Grant-3. Kennedy, J. TaxVis: Visualisation Tools for Integrating Large Alternative Linnaean Taxonomies (2006-2008) Funded by EPSRC £140,000

Grant-4. Kennedy, J. TDWG Core Ontology (2006) TDWG/GBIF (Betty & Gordon Moore Foundation) $65,000

Grant-5. Kennedy, J. TDWG Taxon Concept Transfer Schema (2004-2005) TDWG/GBIF $60,000

Kennedy, J. Prometheus (1998-2000) funded by BBSRC £80,000

Details of the impact

Following the ratification of the TCS as an international standard in 2005, numerous governmental and NGO agencies have benefitted from the Taxonomic Concept Schema (TCS) as developed by Kennedy. Equally, the Darwin Core (DwC) standard, which incorporates concepts from the TCS, has significant impact. The impact of the research during the assessment period is most visible in three broad communities.

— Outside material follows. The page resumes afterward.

(* For every labelled sequent $\mathfrak{S}$: if $\mathrm{labCS}^\infty \vdash \mathfrak{S}$, then $\mathcal{M}\Vdash\mathfrak{S}$ for every Carlson model $\mathcal{M}$.
   Context: Formulas: fix a countable set $\mathtt{Prop}$ of propositional atoms; formulas are generated by $A ::= \bot \mid p \mid A \to A \mid \Box A \mid \triangle A$ with $p \in \mathtt{Prop}$. Carlson models: a Carlson model is a tuple $\mathcal{M} = \langle W, \prec, M_0, M_1, V\rangle$ where $W$ is a non-empty set, $\prec \subseteq W\times W$ is transitive and conversely wellfounded (there is no infinite chain $w_0 \prec w_1 \prec \cdots$), $M_0, M_1 \subseteq W$, and $V : \mathtt{Prop} \to \mathcal{P}(W)$. Truth: $\mathcal{M},x \nVdash \bot$; $\mathcal{M},x\Vdash p$ iff $x \in V(p)$; $\mathcal{M},x \Vdash A\to B$ iff $\mathcal{M},x\nVdash A$ or $\mathcal{M},x\Vdash B$; $\mathcal{M},x\Vdash \Box A$ iff $\mathcal{M},y \Vdash A$ for all $y$ with $x \prec y$ and $y \in M_0$; $\mathcal{M},x\Vdash \triangle A$ iff $\mathcal{M},y \Vdash A$ for all $y$ with $x \prec y$ and $y \in M_1$. Labelled sequents: fix a countable set $\mathtt{Lab}$ of labels. A labelled formula is $x:A$ with $x\in\mathtt{Lab}$ and $A$ a formula; a relational atom is $xRy$ or $xSy$ with $x,y \in \mathtt{Lab}$. A sequent $\mathcal{R},\Gamma\Rightarrow\Omega$ consists of a finite multiset $\mathcal{R}$ of relational atoms and finite multisets $\Gamma,\Omega$ of labelled formulas; commas denote multiset union. $Lab(\mathfrak{S})$ is the set of labels occurring in $\mathfrak{S}$. Rules of $\mathrm{labCS}^\infty$ (premisses above, conclusion below; $\mathcal{R},\Gamma,\Omega$ arbitrary): (Id) no premiss, conclusion $\mathcal{R},\Gamma,x:p\Rightarrow x:p,\Omega$ with $p\in\mathtt{Prop}$; ($\bot$) no premiss, conclusion $\mathcal{R},\Gamma,x:\bot\Rightarrow\Omega$; ($\to$R) from $\mathcal{R},\Gamma,x:A\Rightarrow x:B,\Omega$ infer $\mathcal{R},\Gamma\Rightarrow x:A\to B,\Omega$; ($\to$L) from $\mathcal{R},\Gamma\Rightarrow x:A,\Omega$ and $\mathcal{R},\Gamma,x:B\Rightarrow\Omega$ infer $\mathcal{R},\Gamma,x:A\to B\Rightarrow\Omega$; ($\Box$R) from $\mathcal{R},xRy,\Gamma\Rightarrow y:A,\Omega$ infer $\mathcal{R},\Gamma\Rightarrow x:\Box A,\Omega$, provided $y$ does not occur in the conclusion; ($\Box$L) from $\mathcal{R},xRy,x:\Box A,y:A,\Gamma\Rightarrow\Omega$ infer $\mathcal{R},xRy,x:\Box A,\Gamma\Rightarrow\Omega$; ($\triangle$R) from $\mathcal{R},xSy,\Gamma\Rightarrow y:A,\Omega$ infer $\mathcal{R},\Gamma\Rightarrow x:\triangle A,\Omega$, provided $y$ does not occur in the conclusion; ($\triangle$L) from $\mathcal{R},xSy,x:\triangle A,y:A,\Gamma\Rightarrow\Omega$ infer $\mathcal{R},xSy,x:\triangle A,\Gamma\Rightarrow\Omega$; ($\mathrm{trans}_{\circ\bullet}$, for each $\circ,\bullet\in\{R,S\}$) from $\mathcal{R},x\circ y,y\bullet z,x\bullet z,\Gamma\Rightarrow\Omega$ infer $\mathcal{R},x\circ y,y\bullet z,\Gamma\Rightarrow\Omega$. Proofs: a pre-proof is a possibly infinite tree of sequents in which each node is the conclusion of an instance of a rule whose premisses are exactly its children. A trace along an infinite branch $(\mathfrak{S}_i)_{i<\omega}$ with $\mathfrak{S}_i=\mathcal{R}_i,\Gamma_i\Rightarrow\Omega_i$ is a sequence of labels $(x_i)_{i<\omega}$ such that for each $i$: $x_{i+1}=x_i$, or $x_iRx_{i+1}\in\mathcal{R}_i$, or $x_iSx_{i+1}\in\mathcal{R}_i$. A trace is progressing if it is not eventually constant; a branch is progressing if it has a progressing trace. A proof is a pre-proof in which every branch is either finite or progressing. $\mathrm{labCS}^\infty\vdash\mathfrak{S}$ means there is a proof with root $\mathfrak{S}$. Semantics of sequents: given a sequent $\mathfrak{S}=\mathcal{R},\Gamma\Rightarrow\Omega$ and a Carlson model $\mathcal{M}$, an interpretation is a map $I: Lab(\mathfrak{S})\to W$ such that $xRy\in\mathcal{R}$ implies $I(x)\prec I(y)$ and $I(y)\in M_0$, and $xSy\in\mathcal{R}$ implies $I(x)\prec I(y)$ and $I(y)\in M_1$. $\mathcal{M}\Vdash\mathfrak{S}$ means: for every interpretation $I$ of $\mathfrak{S}$ on $\mathcal{M}$, if $\mathcal{M},I(x)\Vdash A$ for all $x:A\in\Gamma$, then $\mathcal{M},I(y)\Vdash B$ for some $y:B\in\Omega$. *)

theory Defs
  imports Main "HOL-Library.Multiset" "HOL-Library.Countable"
begin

1. Biodiversity Science Organisations:

The adoption of TCS and follow-on standards such as DwC, has significantly increased the global availability of biodiversity data. These standards now define best practice for a number of professional bodies, and as such have significant impact on practitioners and professional services in the field. Adoption of the technology by NGOs and other public sector organisations also impacts society, culture and creativity. This enables scientists in academic, governmental and industry to access and share biodiversity information to help understand the issues in global biodiversity, and thus influences both research and policy debates. Example biodiversity organisations include:

  • In 2009 the Global Biodiversity Information Facility (GBIF), established by governments to encourage open access to biodiversity data, supported TCS in its Integrated Publishing Toolkit. This encouraged the uptake of TCS around the world [Evidence-1]. DwC-A, informed by TCS, became the preferred format for publishing data to the GBIF network in 2012 and has been used to mobilise the vast majority of specimen occurrence and observational records within the GBIF network [Evidence-2]. GBIF currently has 416,242,316 indexed records, 10,140 datasets, 562 publishers, 53 countries signed up, GBIF mediated data used/cited in over 8000 papers.
  • In 2012, the Royal Botanic Gardens Kew [Evidence-3] adopted TCS as its internal transfer format. The attraction of TCS to Kew is that it supports the separation of nomenclature and taxonomy, as advocated by Kew's Science and Horticulture Systems (SHS) Project. SHS is one of the component projects of Kew's IT and DM Strategy Programme, the mission of which is to modernise, integrate and streamline all the information systems that address science and horticulture information systems, as well as manage several millions of records of data, across all aspects of Kew's activity. The International Plant Names Index (IPNI) at Kew, a collaboration between The Royal Botanical Gardens Kew, Harvard University and the Australian National Herbarium, uses TCS. Its impact globally is clear: TCS serves information on 1,624,845 name citations, 43,011 authors and over 17,066 publications.
  • ZooBank, which is the official registry of Zoological Nomenclature, adopted the use of taxon-name-usage in 2009. This is an example of species concepts based on TCS [Evidence-4]. As with GBIF and INPI, this system has enormous influence on biodiversity research. It contains details on 106,918 Nomenclatural Acts, 41,880 Publications and 22,150 Authors.
  • The Catalogue of Life is the most comprehensive and authoritative global index of species currently available. It consists of a single integrated species checklist and taxonomic hierarchy. The TCS was adopted for the Catalogue of Life in order to express information about concepts and their relationships through their life science identifiers in 2008. The Catalogue now holds essential information on the names, relationships and distributions of over 1.4 million species. [Evidence-5]

2. General Public

The use of TCS has also impacted society by stimulating public interest and discourse in science. For example, the Encyclopedia of Life (EOL) gathers, generates, and shares knowledge in an open, freely accessible and trusted digital resource in order to achieve a vision of global access to knowledge about life on earth. The EOL harvests content prepared according to the GBIF Darwin Core Archive (DwC-A) [Evidence-6], the format derived in part from TCS [Evidence-7]. This resource currently has 1,364,055 pages, 69,552 members, 5,825 collections and 203 communities.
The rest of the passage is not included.